Struktur dan fenomena kompleks terhampar dari hukum fisika sederhana—kita takkan ada jika hukum tersebut tak ada. Alam semesta kita takkan tersusun seandainya tidak mengembang dengan laju istimewa.

Seandainya big bang menghasilkan lebih sedikit fluktuasi densitas, alam semesta akan tetap gelap, tanpa galaksi/ bintang.

Seandainya alam semesta kita memiliki lebih dari 3 dimensi ruang, planet-planet tak bisa bertahan di orbitnya di sekeliling matahari.

Seandainya gravitasi jauh lebih kuat, ia akan menggumal organisme seukuran manusia, dan bintang-bintang akan kecil dan berhidup singkat.

Seandainya gaya nuklir bebertapa persen lebih lemah, hanya hidrogen yang akan stabil: takkan ada tabel periodik, ilmu kimia, dan kehidupan.

Beberapa orang berargumen bahwa penyetelan halus alam semesta ini, yang terasa sebagai pemeliharaan Ilahi.

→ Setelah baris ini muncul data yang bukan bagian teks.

lemma closed_ereal_epigraph:
  assumes adm: "admissible_f f"
  shows "closed (ereal_epigraph f)"
  unfolding closed_sequential_limits ereal_epigraph_def
proof (intro allI impI, elim conjE)
  fix X :: "nat \<Rightarrow> real \<times> real" and l
  assume X: "\<forall>n. X n \<in> {p. f (fst p) \<le> ereal (snd p)}" and lim: "X \<longlonglongrightarrow> l"
  have sublevel_closed: "\<And>c. closed {x. f x \<le> c}" using adm unfolding admissible_f_def by blast
  have fst_lim: "(\<lambda>n. fst (X n)) \<longlonglongrightarrow> fst l" and snd_lim: "(\<lambda>n. snd (X n)) \<longlonglongrightarrow> snd l"
    using lim by (auto intro: tendsto_fst tendsto_snd)
  have "f (fst l) \<le> ereal (snd l) + ereal e" if e: "e > 0" for e
  proof -
    have "eventually (\<lambda>n. snd (X n) < snd l + e) sequentially"
      by (rule order_tendstoD(2)[OF snd_lim]) (use e in simp)
    then have "eventually (\<lambda>n. fst (X n) \<in> {x. f x \<le> ereal (snd l + e)}) sequentially"
    proof (rule eventually_mono)
      fix n assume "snd (X n) < snd l + e"
      then show "fst (X n) \<in> {x. f x \<le> ereal (snd l + e)}"
        using X order_trans[of "f (fst (X n))" "ereal (snd (X n))"] by force
    qed
    then have "fst l \<in> {x. f x \<le> ereal (snd l + e)}"
      by (rule Lim_in_closed_set[OF sublevel_closed _ trivial_limit_sequentially fst_lim])
    then show ?thesis by simp
  qed
  then have "f (fst l) \<le> ereal (snd l)" by (rule ereal_le_epsilon2)
  then show "l \<in> {p. f (fst p) \<le> ereal (snd p)}" by simp
qed

text \<open>The separating line cannot have negative slope in the y-direction, because the
  epigraph contains the upward ray above (1, 0).\<close>
lemma admissible_f_separation:
  assumes adm: "admissible_f f" and c: "ereal c < f m"
  obtains a1 a2 b where "0 \<le> a2" "a1 * m + a2 * c < b"
    "\<And>x y. f x \<le> ereal y \<Longrightarrow> b < a1 * x + a2 * y"
proof -
  have "(m, c) \<notin> ereal_epigraph f" using c by (simp add: ereal_epigraph_def)
  from separating_hyperplane_closed_point[OF convex_ereal_epigraph[OF adm]
      closed_ereal_epigraph[OF adm] this]
  obtain a b where ab: "inner a (m, c) < b" "\<forall>p\<in>ereal_epigraph f. b < inner a p"
    by blast
  obtain a1 a2 where a: "a = (a1, a2)" by (cases a)
  have sep: "b < a1 * x + a2 * y" if "f x \<le> ereal y" for x y
    using ab(2) that a by (auto simp: ereal_epigraph_def)
  have "0 \<le> a2"
  proof (rule ccontr)
    assume "\<not> 0 \<le> a2"
    define y where "y = (\<bar>a1\<bar> + \<bar>b\<bar> + 1) / (- a2)"
    have "0 < - a2" using \<open>\<not> 0 \<le> a2\<close> by simp
    have "0 \<le> y" unfolding y_def by (rule divide_nonneg_pos) (use \<open>0 < - a2\<close> in auto)
    then have "b < a1 * 1 + a2 * y"
      using sep[of 1 y] admissible_f_one[OF adm] by simp
    moreover have "a2 * y = - (\<bar>a1\<bar> + \<bar>b\<bar> + 1)" using \<open>0 < - a2\<close> by (simp add: y_def)
    ultimately show False by linarith
  qed
  with that sep ab(1) a show thesis by simp
qed

lemma nonvertical_separation_minorant:
  assumes sep: "\<And>x y. f x \<le> ereal y \<Longrightarrow> b < a1 * x + a2 * y"
    and a2: "0 < a2" and not_MInf: "f x \<noteq> -\<infinity>"
  shows "ereal (b / a2 + (- a1 / a2) * x) \<le> f x"
proof (cases "f x")
  case (real y)
  then have "b < a1 * x + a2 * y" using sep by simp
  then show ?thesis using real a2 by (simp add: field_simps)
qed (use not_MInf in auto)

text \<open>A vertical separating line (a2 = 0) is tilted by adding a multiple of it to a
  nonvertical minorant, which exists because (1, -1) lies strictly below the graph.\<close>
lemma admissible_f_affine_minorant:
  assumes adm: "admissible_f f" and c: "ereal c < f m"
  obtains p q where "\<And>x. ereal (p + q * x) \<le> f x" "c < p + q * m"
proof -
  note not_MInf = admissible_f_not_MInf[OF adm]
  obtain a1 a2 b where a2: "0 \<le> a2" and below: "a1 * m + a2 * c < b"
    and sep: "\<And>x y. f x \<le> ereal y \<Longrightarrow> b < a1 * x + a2 * y"
    using admissible_f_separation[OF adm c] by metis
  obtain p0 q0 where min0: "\<And>x. ereal (p0 + q0 * x) \<le> f x"
  proof -
    have "ereal (-1) < f 1" using admissible_f_one[OF adm] by simp
    then obtain a1' a2' b' where "a1' * 1 + a2' * (-1) < b'"
      and sep': "\<And>x y. f x \<le> ereal y \<Longrightarrow> b' < a1' * x + a2' * y"
      using admissible_f_separation[OF adm] by metis
    moreover have "b' < a1' * 1 + a2' * 0" using sep'[of 1 0] admissible_f_one[OF adm] by simp
    ultimately have "0 < a2'" by linarith
    from nonvertical_separation_minorant[OF sep' this not_MInf] show thesis by (rule that)
  qed
  show thesis
  proof (cases "a2 = 0")
    case False
    then have "0 < a2" using a2 by simp
    have "c < b / a2 + (- a1 / a2) * m" using below \<open>0 < a2\<close> by (simp add: field_simps)
    with nonvertical_separation_minorant[OF sep \<open>0 < a2\<close> not_MInf] show thesis by (rule that)
  next
    case True
    have pos: "0 < b - a1 * m" using below True by simp
    define K where "K = (\<bar>c - p0 - q0 * m\<bar> + 1) / (b - a1 * m)"
    have "0 \<le> K" using pos by (simp add: K_def)
    have "ereal (p0 + q0 * x + K * (b - a1 * x)) \<le> f x" for x
    proof (cases "f x")
      case (real y)
      then have "K * (b - a1 * x) \<le> 0"
        using sep[of x y] True \<open>0 \<le> K\<close> by (simp add: mult_nonneg_nonpos)
      then have "ereal (p0 + q0 * x + K * (b - a1 * x)) \<le> ereal (p0 + q0 * x)" by simp
      also have "\<dots> \<le> f x" by (rule min0)
      finally show ?thesis .
    qed (use not_MInf in auto)
    moreover have "K * (b - a1 * m) = \<bar>c - p0 - q0 * m\<bar> + 1"
      using pos by (simp add: K_def)
    then have "c < p0 + q0 * m + K * (b - a1 * m)" by linarith
    ultimately show thesis
      using that[of "p0 + K * b" "q0 - K * a1"] by (simp add: algebra_simps)
  qed
qed

section \<open>Monotonicity of hfun\<close>

lemma persp_not_MInf: "admissible_f f \<Longrightarrow> persp f b a \<noteq> -\<infinity>"
  using admissible_f_not_MInf[of f] by (auto simp: persp_def)

lemma hfun_self:
  assumes "admissible_f f" "0 \<le> z" "z \<le> 1"
  shows "hfun f z z = 0"
  using assms admissible_f_one[OF assms(1)] by (auto simp: hfun_def persp_def)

Tak perlu diherankan, sebab kalau tidak demikian, kita takkan eksis.

Namun ada penafsiran lain: mungkin eksis banyak alam semesta, tapi cuma beberapa alam semesta yang memperkenankan makhluk seperti kita muncul. Barangkali, kalau begitu, big bang kita bukanlah satu-satunya.

Spekulasi ini secara dramatis memperluas konsep realitas kita. Seluruh sejarah alam semesta kita menjadi satu episode saja, satu segi saja, di multiverse yang tak terhingga.

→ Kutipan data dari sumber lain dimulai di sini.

definition induced_cycle :: "'v set \<Rightarrow> ('v \<Rightarrow> 'v \<Rightarrow> bool) \<Rightarrow> 'v list \<Rightarrow> bool" where
  "induced_cycle V E cs \<longleftrightarrow> is_cycle V E cs \<and>
     (\<forall>i j. i < length cs \<and> j < length cs \<and> E (cs ! i) (cs ! j) \<longrightarrow>
        j = (i + 1) mod length cs \<or> i = (j + 1) mod length cs)"

definition odd_hole :: "'v set \<Rightarrow> ('v \<Rightarrow> 'v \<Rightarrow> bool) \<Rightarrow> 'v list \<Rightarrow> bool" where
  "odd_hole V E cs \<longleftrightarrow> induced_cycle V E cs \<and> odd (length cs) \<and> length cs \<ge> 5"

definition und :: "('v \<times> 'v) set \<Rightarrow> 'v \<Rightarrow> 'v \<Rightarrow> bool" where
  "und A u v \<longleftrightarrow> (u, v) \<in> A \<or> (v, u) \<in> A"

definition is_tree :: "'v set \<Rightarrow> ('v \<Rightarrow> 'v \<Rightarrow> bool) \<Rightarrow> bool" where
  "is_tree V E \<longleftrightarrow> V \<noteq> {} \<and>
     (\<forall>u\<in>V. \<forall>v\<in>V. (\<lambda>x y. x \<in> V \<and> y \<in> V \<and> E x y)\<^sup>*\<^sup>* u v) \<and>
     \<not> (\<exists>cs. is_cycle V E cs)"

definition oriented_tree :: "'v set \<Rightarrow> ('v \<times> 'v) set \<Rightarrow> bool" where
  "oriented_tree V A \<longleftrightarrow> A \<subseteq> V \<times> V \<and> (\<forall>u v. (u, v) \<in> A \<longrightarrow> u \<noteq> v \<and> (v, u) \<notin> A) \<and>
     is_tree V (und A)"

definition temporal_path :: "('v \<times> 'v) set \<Rightarrow> ('v \<times> 'v \<Rightarrow> nat set) \<Rightarrow> 'v list \<Rightarrow> nat list \<Rightarrow> bool" where
  "temporal_path A lam vs ts \<longleftrightarrow> length vs \<ge> 2 \<and> length ts = length vs - 1 \<and> distinct vs \<and>
     (\<forall>i < length ts. (vs ! i, vs ! Suc i) \<in> A \<and> ts ! i \<in> lam (vs ! i, vs ! Suc i)) \<and>
     sorted_wrt (<) ts"

definition temp_path_from_to :: "('v \<times> 'v) set \<Rightarrow> ('v \<times> 'v \<Rightarrow> nat set) \<Rightarrow> 'v \<Rightarrow> 'v \<Rightarrow> bool" where
  "temp_path_from_to A lam u v \<longleftrightarrow>
     (\<exists>vs ts. temporal_path A lam vs ts \<and> hd vs = u \<and> last vs = v)"

definition temporally_connected :: "('v \<times> 'v) set \<Rightarrow> ('v \<times> 'v \<Rightarrow> nat set) \<Rightarrow> 'v \<Rightarrow> 'v \<Rightarrow> bool" where
  "temporally_connected A lam u v \<longleftrightarrow> temp_path_from_to A lam u v \<or> temp_path_from_to A lam v u"

definition conn_graph :: "'v set \<Rightarrow> ('v \<times> 'v) set \<Rightarrow> ('v \<times> 'v \<Rightarrow> nat set) \<Rightarrow> 'v \<Rightarrow> 'v \<Rightarrow> bool" where
  "conn_graph V A lam u v \<longleftrightarrow> u \<in> V \<and> v \<in> V \<and> u \<noteq> v \<and> temporally_connected A lam u v"

end

theory Submission
  imports Defs "HOL-Library.Transitive_Closure_Table"
begin

text \<open>Orient each edge of an odd hole in the connectivity graph by the direction of a temporal path
realising it. Since the hole is odd, two consecutive edges p q and q r get the same orientation,
say p \<leadsto> q \<leadsto> r. Going the other way round the hole, every edge u v avoids q and q is not
adjacent to both u and v, so no temporal path realising u v passes through q (its two halves would
make q adjacent to both). Hence p and r are joined in the tree minus q. But p reaches q by an arc
x \<rightarrow> q and r is reached from q by an arc q \<rightarrow> y with x \<noteq> y, because the orientation has no
antiparallel arcs; so x and y, two neighbours of q, are joined in the tree minus q, closing a cycle.\<close>

definition delete_vertex :: "'v set \<Rightarrow> ('v \<Rightarrow> 'v \<Rightarrow> bool) \<Rightarrow> 'v \<Rightarrow> 'v \<Rightarrow> 'v \<Rightarrow> bool" where
  "delete_vertex V E q a b \<longleftrightarrow> a \<in> V - {q} \<and> b \<in> V - {q} \<and> E a b"

lemma symp_und: "symp (und A)"
  by (auto simp: und_def intro: sympI)

lemma delete_vertex_rtranclp_sym:
  assumes "symp E" and "(delete_vertex V E q)\<^sup>*\<^sup>* a b"
  shows "(delete_vertex V E q)\<^sup>*\<^sup>* b a"
proof -
  have "symp (delete_vertex V E q)"
    using assms(1) by (auto simp: delete_vertex_def intro!: sympI dest: sympD)
  then show ?thesis
    using assms(2) by (metis symp_rtranclp sympD)
qed

lemma rtranclp_of_chain:
  assumes "a \<le> b" and "\<And>l. a \<le> l \<Longrightarrow> l < b \<Longrightarrow> r (g l) (g (Suc l))"
  shows "r\<^sup>*\<^sup>* (g a) (g b)"
  using assms by (induction b rule: dec_induct) (auto intro: rtranclp.rtrancl_into_rtrancl)

lemma rtrancl_path_nth:
  "rtrancl_path r x xs y \<Longrightarrow> i < length xs \<Longrightarrow> r ((x # xs) ! i) (xs ! i)"
  by (induction arbitrary: i rule: rtrancl_path.induct) (auto simp: nth_Cons split: nat.split)

lemma rtrancl_path_last: "rtrancl_path r x xs y \<Longrightarrow> last (x # xs) = y"
  by (induction rule: rtrancl_path.induct) auto

lemma tree_delete_vertex_separates_neighbours:
  assumes tree: "is_tree V E" and z: "z \<in> V" and zx: "E z x" and yz: "E y z" and xy: "x \<noteq> y"
  shows "\<not> (delete_vertex V E z)\<^sup>*\<^sup>* x y"
proof
  assume "(delete_vertex V E z)\<^sup>*\<^sup>* x y"
  then obtain xs where path: "rtrancl_path (delete_vertex V E z) x xs y"
    and dist: "distinct (x # xs)"
    by (meson rtranclp_eq_rtrancl_path rtrancl_path_distinct)
  have edge: "delete_vertex V E z ((x # xs) ! i) (xs ! i)" if "i < length xs" for i
    using rtrancl_path_nth[OF path that] .
  have "xs \<noteq> []"
    using path xy by (auto elim: rtrancl_path.cases)
  then have "x \<in> V - {z}"
    using edge[of 0] by (simp add: delete_vertex_def)
  moreover have "xs ! i \<in> V - {z}" if "i < length xs" for i
    using edge[OF that] by (simp add: delete_vertex_def)
  ultimately have avoid: "set (x # xs) \<subseteq> V - {z}"
    by (force simp: in_set_conv_nth)
  define cs where "cs = z # x # xs"
  have "is_cycle V E cs"
    unfolding is_cycle_def
  proof (intro conjI allI impI)
    show "3 \<le> length cs" and "distinct cs" and "set cs \<subseteq> V"
      using \<open>xs \<noteq> []\<close> dist avoid z by (auto simp: cs_def Suc_le_eq)
    fix i assume i: "i < length cs"
    consider "i = 0" | j where "i = Suc j" "j < length xs" | "i = Suc (length xs)"
      using i by (cases i) (auto simp: cs_def less_Suc_eq)
    then show "E (cs ! i) (cs ! ((i + 1) mod length cs))"
    proof cases
      case 1 then show ?thesis using zx by (simp add: cs_def)
    next
      case 2 then show ?thesis using edge by (simp add: cs_def delete_vertex_def)
    next
      case 3
      have "cs ! i = last (x # xs)"
        by (simp add: cs_def 3 last_conv_nth)
      then have "cs ! i = y"
        using rtrancl_path_last[OF path] by simp
      then show ?thesis using yz by (simp add: cs_def 3)
    qed
  qed
  then show False
    using tree by (auto simp: is_tree_def)
qed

Beberapa alam semesta mungkin menyerupai alam semesta kita, tapi kebanyakan kolaps kembali setelah eksis sesaat, atau hukum yang mengaturnya tidak memperkenankan konsekuensi kompleks.

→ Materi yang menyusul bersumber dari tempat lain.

lemma sorted_cyclic_window_bounds:
  fixes xs :: "int list" and M :: int and K k0 :: nat
  assumes sorted: "sorted xs" and len: "length xs = 2 * K" and range: "set xs \<subseteq> {0..<M}"
    and k0: "1 \<le> k0" "k0 \<le> K"
  shows "i \<in> {k0..<k0+K} \<Longrightarrow> xs ! k0 \<le> xs ! i \<and> xs ! i \<le> xs ! (k0+K-1)"
    and "j < 2 * K \<Longrightarrow> j \<notin> {k0..<k0+K} \<Longrightarrow>
           cyc_next M xs (k0+K-1) \<le> (if j < k0 then xs ! j + M else xs ! j) \<and>
           (if j < k0 then xs ! j + M else xs ! j) \<le> xs ! (k0-1) + M"
    and "xs ! (k0-1) \<le> xs ! k0" "xs ! (k0+K-1) \<le> cyc_next M xs (k0+K-1)"
proof -
  have mono: "xs ! i \<le> xs ! j" if "i \<le> j" "j < 2 * K" for i j
    using sorted_nth_mono[OF sorted that(1)] that len by simp
  have rng: "0 \<le> xs ! i \<and> xs ! i < M" if "i < 2 * K" for i
    using range nth_mem[of i xs] that len by fastforce
  show "i \<in> {k0..<k0+K} \<Longrightarrow> xs ! k0 \<le> xs ! i \<and> xs ! i \<le> xs ! (k0+K-1)"
    using k0 by (auto intro!: mono)
  show "xs ! (k0-1) \<le> xs ! k0"
    using k0 by (intro mono) auto
  have first: "k0-1 < 2 * K" and last: "k0+K-1 < 2 * K"
    using k0 by simp_all
  show "xs ! (k0+K-1) \<le> cyc_next M xs (k0+K-1)"
    unfolding cyc_next_def len using k0 mono rng[of 0] rng[OF last] by auto
  assume j: "j < 2 * K" "j \<notin> {k0..<k0+K}"
  show "cyc_next M xs (k0+K-1) \<le> (if j < k0 then xs ! j + M else xs ! j) \<and>
        (if j < k0 then xs ! j + M else xs ! j) \<le> xs ! (k0-1) + M"
  proof (cases "j < k0")
    case True
    then show ?thesis
      unfolding cyc_next_def len using k0 mono rng[of "k0+K"] rng[of j] by auto
  next
    case False
    then show ?thesis
      unfolding cyc_next_def len using j k0 mono rng[of j] rng[OF first] by auto
  qed
qed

Sebagaimana Bumi mengikuti salah satu dari beberapa orbit Keplerian di sekeliling matahari yang memungkinkannya dapat dihuni, alam semesta kita mungkin merupakan salah satu dari beberapa anggota yang dapat dihuni di antara ansambel besar.

Ilmuwan sedang memperluas simpanan pengetahuan manusia tentang 3 batasan besar: objek amat besar, objek amat kecil, objek amat kompleks. Kosmologi menyangkut semua itu.

Pada tahun-tahun mendatang, periset akan fokus menjelaskan konstanta dasar alam semesta, semisal omega, dan menemukan apa itu dark matter.

Di samping itu, para teoris harus menguraikan fisika eksotis momen-momen terawal alam semesta.

Jika mereka berhasil, kita akan mengetahui apakah ada banyak alam semesta dan fitur mana dari alam semesta kita yang sekadar kebetulan ketimbang hasil hukum terdalam.

Namun, pemahaman kita akan tetap memiliki batas. Mungkin kelak fisikawan menemukan teori terpadu yang mengatur seluruh realitas fisik, tapi mereka takkan mampu memberitahu kita apa yang menghembuskan nyawa ke dalam persamaan-persamaan mereka dan apa yang mengaktualisasikannya di kosmos riil.

Kosmologi bukan cuma sains fundamental; ia juga paling agung di antara sains lingkungan. Bagaimana sebuah bola api panas dan tak berbentuk berevolusi, selama 10 miliar sampai 15 miliar tahun menjadi kosmos kita yang kompleks berisi galaksi, bintang, dan planet?

Bagaimana atom-atom terangkai—di Bumi ini dan barangkali di planet-planet lain menjadi makhluk hidup yang cukup rumit untuk merenungkan asal-usul dirinya?

Pertanyaan-pertanyaan ini merupakan tantangan bagi milenium ini. Untuk menjawabnya mungkin akan menjadi pencarian tak berujung.